If no specifications are available, turn the pump back on and note the reading at the water line pressure gauge when the pump switch shuts off with an audible click. (If you don't have a gauge, this too should be on your installation list.) Then run some water and note again what the pressure reading is when the pump clicks on. The standard settings are a cut-in pressure of 20 psi and a cut-out of 40 psi. Recently, because of the prevalence of pressure-sensitive water-using appliances, a higher range — 30 to 50 psi — is becoming the norm.
At any rate, the switch is usually set to cut in at a fixed pressure, but can be adjusted to cut out at any pressure above that. The smaller differential adjusting nut controls the lever spring which sets the upper limit; tightening the nut increases the water pressure. But heed these two warnings: Shut the breaker off before uncovering and adjusting the pressure switch. A 220-volt accident can easily and instantly be fatal. Also, never set the cut-out pressure higher than 25 psi above the cut-in; it could cause the pump to overheat and fail.
It's worthwhile to note that, though this type of pump control is very common, models that use sensors to determine the water level in the well casing (or floats to monitor reservoir levels) are not unheard of. These can be complicated, and should be serviced by someone with experience. Likewise, systems with plain steel pressure tanks may employ air-volume controls that are best fixed by a professional.
If your system is fitted with water-conditioning equipment or filters of any kind, you can count on their needing service periodically. Generally, these sophisticated components are fully guaranteed and may even come with a service contract. If this isn't the case, make an effort to find out from the installer how often the units require attention, what warning signs to look for if performance isn't up to par and, of course, whether you can do the maintenance yourself.
Finally, don't ignore the electrical features of your water system.

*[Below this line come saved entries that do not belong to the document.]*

text \<open>The vector \<open>w = \<Sum>\<^sub>j Q\<^sub>j \<xi>\<^sub>j\<close> satisfies \<open>\<Theta>\<^sub>y\<^sup>* \<Theta>\<^sub>x w = Q_synthesis y (\<Theta>\<^sub>\<xi>(x)) = 0\<close> for all
  Bessel \<open>x\<close>, \<open>y\<close>; taking \<open>y = x\<close> makes \<open>w\<close> orthogonal to the dense set of Bessel vectors.\<close>
theorem sum_eq_0_if_Theta_closed_span_subset:
  assumes dense: "closure {x. bessel_vector G \<pi> x} = UNIV"
    and \<xi>: "\<forall>j<k. bessel_vector G \<pi> (\<xi> j)" and \<eta>: "\<forall>j<k. bessel_vector G \<pi> (\<eta> j)"
    and span: "l2k_closed_span k G (Theta_vec k G \<pi> \<xi> ` UNIV) \<subseteq> l2k_closed_span k G (Theta_vec k G \<pi> \<eta> ` UNIV)"
    and Q\<eta>: "(\<Sum>j<k. Q j (\<eta> j)) = 0"
  shows "(\<Sum>j<k. Q j (\<xi> j)) = 0"
proof (rule eq_0_if_orthogonal_to_dense[OF dense])
  fix x assume "x \<in> {x. bessel_vector G \<pi> x}"
  then obtain B where x: "bessel_family (carrier G) (\<lambda>g. \<pi> g x) B"
    by (auto elim: bessel_vectorE)
  have \<Theta>\<xi>: "Theta_vec k G \<pi> \<xi> x \<in> l2k_closed_span k G (Theta_vec k G \<pi> \<eta> ` UNIV)"
    using span Theta_vec_mem_l2k_closed_span[OF \<xi>] by blast
  have "cross_frame_op G \<pi> x x (\<Sum>j<k. Q j (\<xi> j)) = Q_synthesis x (Theta_vec k G \<pi> \<xi> x)"
    by (rule Q_synthesis_Theta_vec[OF x x, symmetric])
  also have "\<dots> = 0"
  proof (rule Q_synthesis_l2k_closed_span_eq_0[OF x _ _ \<Theta>\<xi>])
    show "square_summable (a j) (carrier G)" if "a \<in> Theta_vec k G \<pi> \<eta> ` UNIV" "j < k" for a j
      using that \<eta> Theta_vec_square_summable by blast
    show "Q_synthesis x a = 0" if "a \<in> Theta_vec k G \<pi> \<eta> ` UNIV" for a
      using that Q_synthesis_Theta_vec_eq_0[OF dense \<eta> Q\<eta> x] by blast
  qed
  finally show "cinner (\<Sum>j<k. Q j (\<xi> j)) x = 0"
    by (rule cinner_eq_0_if_cross_frame_op_self_eq_0[OF x])
qed

end

lemma cyclic_subspace_mono:
  fixes \<pi> \<sigma> :: "'g \<Rightarrow> 'h::{complex_inner, complete_space} \<Rightarrow> 'h"
  assumes G: "group G"
    and \<pi>: "proj_unitary_rep G \<pi>" and \<sigma>: "proj_unitary_rep G \<sigma>"
    and pair: "commutant_pair G \<pi> \<sigma>"
    and dense: "closure {x. bessel_vector G \<pi> x} = UNIV"
    and \<xi>: "\<forall>j<k. bessel_vector G \<pi> (\<xi> j)" and \<eta>: "\<forall>j<k. bessel_vector G \<pi> (\<eta> j)"
    and span: "l2k_closed_span k G (Theta_vec k G \<pi> \<xi> ` UNIV) \<subseteq> l2k_closed_span k G (Theta_vec k G \<pi> \<eta> ` UNIV)"
  shows "cyclic_subspace k G \<sigma> \<xi> \<subseteq> cyclic_subspace k G \<sigma> \<eta>"
proof -
  interpret \<sigma>: group_proj_rep G \<sigma> using G \<sigma> by (rule group_proj_rep.intro[OF _ group_proj_rep_axioms.intro])
  interpret \<pi>: group_proj_rep G \<pi> using G \<pi> by (rule group_proj_rep.intro[OF _ group_proj_rep_axioms.intro])
  define C where "C = cyclic_subspace k G \<sigma> \<eta>"
  interpret C: Hk_subspace k C unfolding C_def by (rule \<sigma>.Hk_subspace_cyclic_subspace)
  have "(\<Sum>j<k. C.resid_entry i j (\<xi> j)) = 0" for i
  proof -
    interpret Q: commuting_contractions G \<pi> k "C.resid_entry i"
    proof
      show "T (C.resid_entry i j z) = C.resid_entry i j (T z)"
        if "T \<in> commutant (\<pi> ` carrier G)" "j < k" for T j z
        using that pair commutant_commute \<sigma>.resid_entry_cyclic_subspace_commutant
        unfolding commutant_pair_def C_def by blast
    qed (auto intro: C.resid_entry_clinear C.resid_entry_contraction)
    have "Hk_trunc k \<eta> \<in> C" unfolding C_def by (rule \<sigma>.Hk_trunc_mem_cyclic_subspace)
    then have "(\<Sum>j<k. C.resid_entry i j (\<eta> j)) = 0"
      using C.mem_iff_resid_entries_eq_0[OF Hk_trunc_mem] by (simp add: Hk_trunc_def)
    then show ?thesis by (rule Q.sum_eq_0_if_Theta_closed_span_subset[OF dense \<xi> \<eta> span])
  qed
  then have "Hk_trunc k \<xi> \<in> C"
    using C.mem_iff_resid_entries_eq_0[OF Hk_trunc_mem] by (simp add: Hk_trunc_def)
  then show ?thesis unfolding C_def by (rule \<sigma>.cyclic_subspace_subset)
qed

theorem lemma3p6:
  fixes G :: "('g, 'b) monoid_scheme"
    and \<pi> \<sigma> :: "'g \<Rightarrow> 'h::{complex_inner, complete_space} \<Rightarrow> 'h"
    and k :: nat
    and \<xi> \<eta> :: "nat \<Rightarrow> 'h"
  assumes "group G"
    and "countable (carrier G)"
    and "proj_unitary_rep G \<pi>"
    and "proj_unitary_rep G \<sigma>"
    and "commutant_pair G \<pi> \<sigma>"
    and "closure {x. bessel_vector G \<pi> x} = UNIV"
    and "\<forall>i<k. bessel_vector G \<pi> (\<xi> i)"
    and "\<forall>i<k. bessel_vector G \<pi> (\<eta> i)"
    and "l2k_closed_span k G (Theta_vec k G \<pi> \<xi> ` UNIV) = l2k_closed_span k G (Theta_vec k G \<pi> \<eta> ` UNIV)"
  shows "Hk_closed_span k ((\<lambda>g. rep_k k \<sigma> g \<xi>) ` carrier G) = Hk_closed_span k ((\<lambda>g. rep_k k \<sigma> g \<eta>) ` carrier G)"
  using cyclic_subspace_mono[OF assms(1,3-8)] cyclic_subspace_mono[OF assms(1,3-6,8,7)] assms(9)
  unfolding cyclic_subspace_def by blast

end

A pump is especially sensitive to power surges caused by local lightning strikes and motor overloading. The first, by far more frightening, can be controlled with the proper use of one or more lightning arresters placed at the pump control box, the service entrance or both. Overloading occurs when the pump cycles too often or is prevented from spinning freely; overheating caused by a low water level or low pressure is just as harmful. Modern pumps have built-in thermal protection, but external back-up safety controls are always a good investment, and something your local well driller or electrician should be familiar with.
Though water seems to be everywhere, it's not so easy to come by when it stops running. A few hours of time now may keep you in gallons for some time in the future — it's well worth the investment.
Editor's Note: There are two excellent books available which go into much greater detail on home water systems. The Home Water Supply, by Stu Campbell ($12.95 plus $2 for 4th class mail from Storey Communications, Inc., Pownal, VT), is a technical yet amicable account of the author's experiences with wells, ponds, water delivery and treatment methods in northern Vermont. Planning for an Individual Water System, prepared by G. E. Henderson, is published by the American Association for Vocational Instructional Materials ($12 from AA VIM, Athens, GA; quantity discounts available) and is a thoroughly illustrated student text with a simplified technical format.